[RECORDS PROVIDED]

lemma exists_flip_small_overlap:
  assumes p: "p \<in> prob_families N" and "B \<noteq> {}" and k: "0 < k"
    and B: "\<And>x. x \<in> B \<Longrightarrow> length x = N \<and> C x \<subseteq> {..<N} \<and> card (C x) = k"
    and flip: "\<And>x i. x \<in> B \<Longrightarrow> i \<in> C x \<Longrightarrow> flip_at i x \<in> B \<and> i \<in> C (flip_at i x)"
  shows "\<exists>x\<in>B. \<exists>i\<in>C x. sqrt (p x i * p (flip_at i x) i) \<le> 1 / k"
proof -
  define P where "P = Sigma B C"
  define \<sigma> where "\<sigma> = (\<lambda>(x, i). (flip_at i x, i))"
  define q where "q = (\<lambda>(x, i). p x i)"
  have "finite B"
    by (rule finite_subset[OF _ finite_lists_length_eq[of "UNIV :: bool set" N]]) (use B in auto)
  moreover have fin_C: "\<forall>x\<in>B. finite (C x)" using B finite_subset by blast
  ultimately have P: "finite P" "card P = k * card B" using B by (simp_all add: P_def)
  with \<open>B \<noteq> {}\<close> \<open>finite B\<close> k have "P \<noteq> {}" by auto
  have "sum q P = (\<Sum>x\<in>B. \<Sum>i\<in>C x. p x i)"
    unfolding P_def q_def using \<open>finite B\<close> fin_C by (rule sum.Sigma[symmetric])
  also have "\<dots> \<le> (\<Sum>x\<in>B. \<Sum>i<N. p x i)"
    using B p by (intro sum_mono sum_mono2) (auto simp: prob_families_nonneg)
  also have "\<dots> = card B" using B p by (simp add: prob_families_def)
  finally have "sum q P / card P \<le> card B / card P" by (rule divide_right_mono) simp
  also have "\<dots> = 1 / k" using P \<open>P \<noteq> {}\<close> by auto
  finally have avg: "sum q P / card P \<le> 1 / k" .
  have "\<exists>z\<in>P. sqrt (q z * q (\<sigma> z)) \<le> sum q P / card P"
  proof (rule exists_sqrt_mult_involution_le_average)
    show "\<sigma> z \<in> P" "\<sigma> (\<sigma> z) = z" "0 \<le> q z" if "z \<in> P" for z
      using that flip B p by (auto simp: P_def \<sigma>_def q_def prob_families_nonneg subset_iff)
  qed (use P \<open>P \<noteq> {}\<close> in auto)
  then obtain z where z: "z \<in> P" "sqrt (q z * q (\<sigma> z)) \<le> 1 / k"
    using avg by (blast intro: order_trans)
  moreover obtain x i where "z = (x, i)" by fastforce
  ultimately show ?thesis by (auto simp: P_def \<sigma>_def q_def)
qed

lemma sumPI_ge_flip_adversary:
  assumes "B \<noteq> {}" and k: "0 < k"
    and B: "\<And>x. x \<in> B \<Longrightarrow> length x = N \<and> C x \<subseteq> {..<N} \<and> card (C x) = k"
    and flip: "\<And>x i. x \<in> B \<Longrightarrow> i \<in> C x \<Longrightarrow>
      flip_at i x \<in> B \<and> i \<in> C (flip_at i x) \<and> f (flip_at i x) \<noteq> f x"
  shows "ereal k \<le> sumPI N f"
  unfolding sumPI_def
proof (rule INF_greatest)
  fix p assume p: "p \<in> prob_families N"
  then obtain x i where xi: "x \<in> B" "i \<in> C x" and small: "sqrt (p x i * p (flip_at i x) i) \<le> 1 / k"
    using exists_flip_small_overlap[of p N B k C] assms by blast
  have xy: "(x, flip_at i x) \<in> diff_pairs N f" using B flip xi by (auto simp: diff_pairs_def)
  have i: "i < N" "length x = N" using B xi by auto
  then have "diff_idx N x (flip_at i x) = {i}" by (rule diff_idx_flip_at)
  moreover have "0 \<le> p x i * p (flip_at i x) i"
    using p i by (simp add: prob_families_nonneg)
  then have "ereal k \<le> inverse (ereal (sqrt (p x i * p (flip_at i x) i)))"
    using small k by (intro ereal_le_inverse_ereal) auto
  ultimately show "ereal k \<le> (SUP xy\<in>diff_pairs N f. inverse (ereal
      (\<Sum>i\<in>diff_idx N (fst xy) (snd xy). sqrt (p (fst xy) i * p (snd xy) i))))"
    by (intro SUP_upper2[OF xy]) simp
qed

fun maj_cert :: "nat \<Rightarrow> bool list \<Rightarrow> nat set" where
  "maj_cert 0 x = {0}"
| "maj_cert (Suc h) x =
    (let a = take (3^h) x; b = take (3^h) (drop (3^h) x); c = drop (2 * 3^h) x;
         A = maj_cert h a; B = (+) (3^h) ` maj_cert h b; C = (+) (2 * 3^h) ` maj_cert h c
     in if MAJ h a = MAJ h b then A \<union> B else if MAJ h a = MAJ h c then A \<union> C else B \<union> C)"

fun maj_balanced :: "nat \<Rightarrow> bool list \<Rightarrow> bool" where
  "maj_balanced 0 x = True"
| "maj_balanced (Suc h) x =
    (let a = take (3^h) x; b = take (3^h) (drop (3^h) x); c = drop (2 * 3^h) x
     in maj_balanced h a \<and> maj_balanced h b \<and> maj_balanced h c \<and>
        \<not> (MAJ h a = MAJ h b \<and> MAJ h b = MAJ h c))"

lemma obtain_three_blocks:
  assumes "length x = 3 ^ Suc h"
  obtains a b c where "x = a @ b @ c" "length a = 3^h" "length b = 3^h" "length c = 3^h"
proof
  show "x = take (3^h) x @ take (3^h) (drop (3^h) x) @ drop (2 * 3^h) x"
    by (metis append_take_drop_id drop_drop mult_2 add.commute)
qed (use assms in auto)

context
  fixes a b c :: "bool list" and h :: nat
  assumes blocks: "length a = 3^h" "length b = 3^h" "length c = 3^h"
begin

lemma MAJ_Suc_append: "MAJ (Suc h) (a @ b @ c) = maj3 (MAJ h a) (MAJ h b) (MAJ h c)"
  using blocks by simp

lemma maj_cert_Suc_append:
  "maj_cert (Suc h) (a @ b @ c) =
    (if MAJ h a = MAJ h b then maj_cert h a \<union> (+) (3^h) ` maj_cert h b
     else if MAJ h a = MAJ h c then maj_cert h a \<union> (+) (2 * 3^h) ` maj_cert h c
     else (+) (3^h) ` maj_cert h b \<union> (+) (2 * 3^h) ` maj_cert h c)"
  using blocks by (simp add: Let_def)

lemma maj_balanced_Suc_append:
  "maj_balanced (Suc h) (a @ b @ c) \<longleftrightarrow>
    maj_balanced h a \<and> maj_balanced h b \<and> maj_balanced h c \<and>
    \<not> (MAJ h a = MAJ h b \<and> MAJ h b = MAJ h c)"
  using blocks by (simp add: Let_def)

end

declare MAJ.simps(2) [simp del] maj_cert.simps(2) [simp del] maj_balanced.simps(2) [simp del]

lemma maj_cert_subset: "length x = 3^h \<Longrightarrow> maj_cert h x \<subseteq> {..<3^h}"
proof (induction h arbitrary: x)
  case (Suc h)
  then obtain a b c where x: "x = a @ b @ c" and l: "length a = 3^h" "length b = 3^h" "length c = 3^h"
    by (blast elim: obtain_three_blocks)
  have "maj_cert h a \<subseteq> {..<3 ^ Suc h}" "(+) (3^h) ` maj_cert h b \<subseteq> {..<3 ^ Suc h}"
    "(+) (2 * 3^h) ` maj_cert h c \<subseteq> {..<3 ^ Suc h}"
    using Suc.IH l by fastforce+
  then show ?case unfolding x maj_cert_Suc_append[OF l] by auto
qed simp

lemma card_maj_cert: "length x = 3^h \<Longrightarrow> card (maj_cert h x) = 2^h"
proof (induction h arbitrary: x)
  case (Suc h)
  then obtain a b c where x: "x = a @ b @ c" and l: "length a = 3^h" "length b = 3^h" "length c = 3^h"
    by (blast elim: obtain_three_blocks)
  define A B C where "A = maj_cert h a" and "B = (+) (3^h) ` maj_cert h b"
    and "C = (+) (2 * 3^h) ` maj_cert h c"
  have sub: "A \<subseteq> {..<3^h}" "B \<subseteq> {3^h..<2 * 3^h}" "C \<subseteq> {2 * 3^h..<3 * 3^h}"
    using maj_cert_subset l by (fastforce simp: A_def B_def C_def)+
  then have fin: "finite A" "finite B" "finite C" by (auto intro: finite_subset)
  have disj: "A \<inter> B = {}" "A \<inter> C = {}" "B \<inter> C = {}" using sub by fastforce+
  have "card A = 2^h" "card B = 2^h" "card C = 2^h"
    using Suc.IH l by (simp_all add: A_def B_def C_def card_image)
  with fin disj show ?case
    unfolding x maj_cert_Suc_append[OF l] by (simp add: card_Un_disjoint flip: A_def B_def C_def)
qed simp

lemma maj_cert_separates:
  "length x = 3^h \<Longrightarrow> length y = 3^h \<Longrightarrow> MAJ h x \<noteq> MAJ h y \<Longrightarrow>
    \<exists>i \<in> maj_cert h x \<inter> maj_cert h y. x ! i \<noteq> y ! i"
proof (induction h arbitrary: x y)
  case (Suc h)
  obtain a b c where x: "x = a @ b @ c" and l: "length a = 3^h" "length b = 3^h" "length c = 3^h"
    using Suc.prems(1) by (blast elim: obtain_three_blocks)
  obtain a' b' c' where y: "y = a' @ b' @ c'" and l': "length a' = 3^h" "length b' = 3^h" "length c' = 3^h"
    using Suc.prems(2) by (blast elim: obtain_three_blocks)
  have block: "\<exists>i \<in> (+) off ` maj_cert h u \<inter> (+) off ` maj_cert h u'. x ! i \<noteq> y ! i"
    if diff: "MAJ h u \<noteq> MAJ h u'" and len: "length u = 3^h" "length u' = 3^h"
      and nth: "\<forall>j<3^h. x ! (off + j) = u ! j \<and> y ! (off + j) = u' ! j" for u u' off
  proof -
    obtain j where j: "j \<in> maj_cert h u" "j \<in> maj_cert h u'" "u ! j \<noteq> u' ! j"
      using Suc.IH diff len by blast
    moreover have "j < 3^h" using maj_cert_subset len(1) j(1) by blast
    ultimately show ?thesis using nth by (intro bexI[of _ "off + j"]) auto
  qed
  have A: "MAJ h a \<noteq> MAJ h a' \<Longrightarrow> \<exists>i \<in> maj_cert h a \<inter> maj_cert h a'. x ! i \<noteq> y ! i"
    using block[of a a' 0] l l' by (simp add: x y nth_append)
  have B: "MAJ h b \<noteq> MAJ h b' \<Longrightarrow>
      \<exists>i \<in> (+) (3^h) ` maj_cert h b \<inter> (+) (3^h) ` maj_cert h b'. x ! i \<noteq> y ! i"
    using block[of b b' "3^h"] l l' by (simp add: x y nth_append)
  have C: "MAJ h c \<noteq> MAJ h c' \<Longrightarrow>
      \<exists>i \<in> (+) (2 * 3^h) ` maj_cert h c \<inter> (+) (2 * 3^h) ` maj_cert h c'. x ! i \<noteq> y ! i"
    using block[of c c' "2 * 3^h"] l l' by (simp add: x y nth_append)
  have "maj3 (MAJ h a) (MAJ h b) (MAJ h c) \<noteq> maj3 (MAJ h a') (MAJ h b') (MAJ h c')"
    using Suc.prems(3) by (simp add: x y MAJ_Suc_append l l')
  \<comment> \<open>Each certificate follows two children that agree with the root; two such pairs of
    children share a child, and there the values differ.\<close>
  with A B C show ?case
    unfolding x y maj_cert_Suc_append[OF l] maj_cert_Suc_append[OF l'] maj3_def
    unfolding x[symmetric] y[symmetric]
    by (cases "MAJ h a"; cases "MAJ h b"; cases "MAJ h c"; cases "MAJ h a'"; cases "MAJ h b'";
        cases "MAJ h c'") (simp_all, blast+)
qed simp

[/RECORDS PROVIDED]

### [PROBLEM]
Each line from the beginning of the entries to the line with "card P \<le> 1" must be repeated exactly, with both end lines kept and no other lines given.

### [ANSWER]
lemma exists_flip_small_overlap:
  assumes p: "p \<in> prob_families N" and "B \<noteq> {}" and k: "0 < k"
    and B: "\<And>x. x \<in> B \<Longrightarrow> length x = N \<and> C x \<subseteq> {..<N} \<and> card (C x) = k"
    and flip: "\<And>x i. x \<in> B \<Longrightarrow> i \<in> C x \<Longrightarrow> flip_at i x \<in> B \<and> i \<in> C (flip_at i x)"
  shows "\<exists>x\<in>B. \<exists>i\<in>C x. sqrt (p x i * p (flip_at i x) i) \<le> 1 / k"
proof -
  define P where "P = Sigma B C"
  define \<sigma> where "\<sigma> = (\<lambda>(x, i). (flip_at i x, i))"
  define q where "q = (\<lambda>(x, i). p x i)"
  have "finite B"
    by (rule finite_subset[OF _ finite_lists_length_eq[of "UNIV :: bool set" N]]) (use B in auto)
  moreover have fin_C: "\<forall>x\<in>B. finite (C x)" using B finite_subset by blast
  ultimately have P: "finite P" "card P = k * card B" using B by (simp_all add: P_def)
  with \<open>B \<noteq> {}\<close> \<open>finite B\<close> k have "P \<noteq> {}" by auto
  have "sum q P = (\<Sum>x\<in>B. \<Sum>i\<in>C x. p x i)"
    unfolding P_def q_def using \<open>finite B\<close> fin_C by (rule sum.Sigma[symmetric])
  also have "\<dots> \<le> (\<Sum>x\<in>B. \<Sum>i<N. p x i)"
    using B p by (intro sum_mono sum_mono2) (auto simp: prob_families_nonneg)
  also have "\<dots> = card B" using B p by (simp add: prob_families_def)
  finally have "sum q P / card P \<le> card B / card P" by (rule divide_right_mono) simp
  also have "\<dots> = 1 / k" using P \<open>P \<noteq> {}\<close> by auto
  finally have avg: "sum q P / card P \<le> 1 / k" .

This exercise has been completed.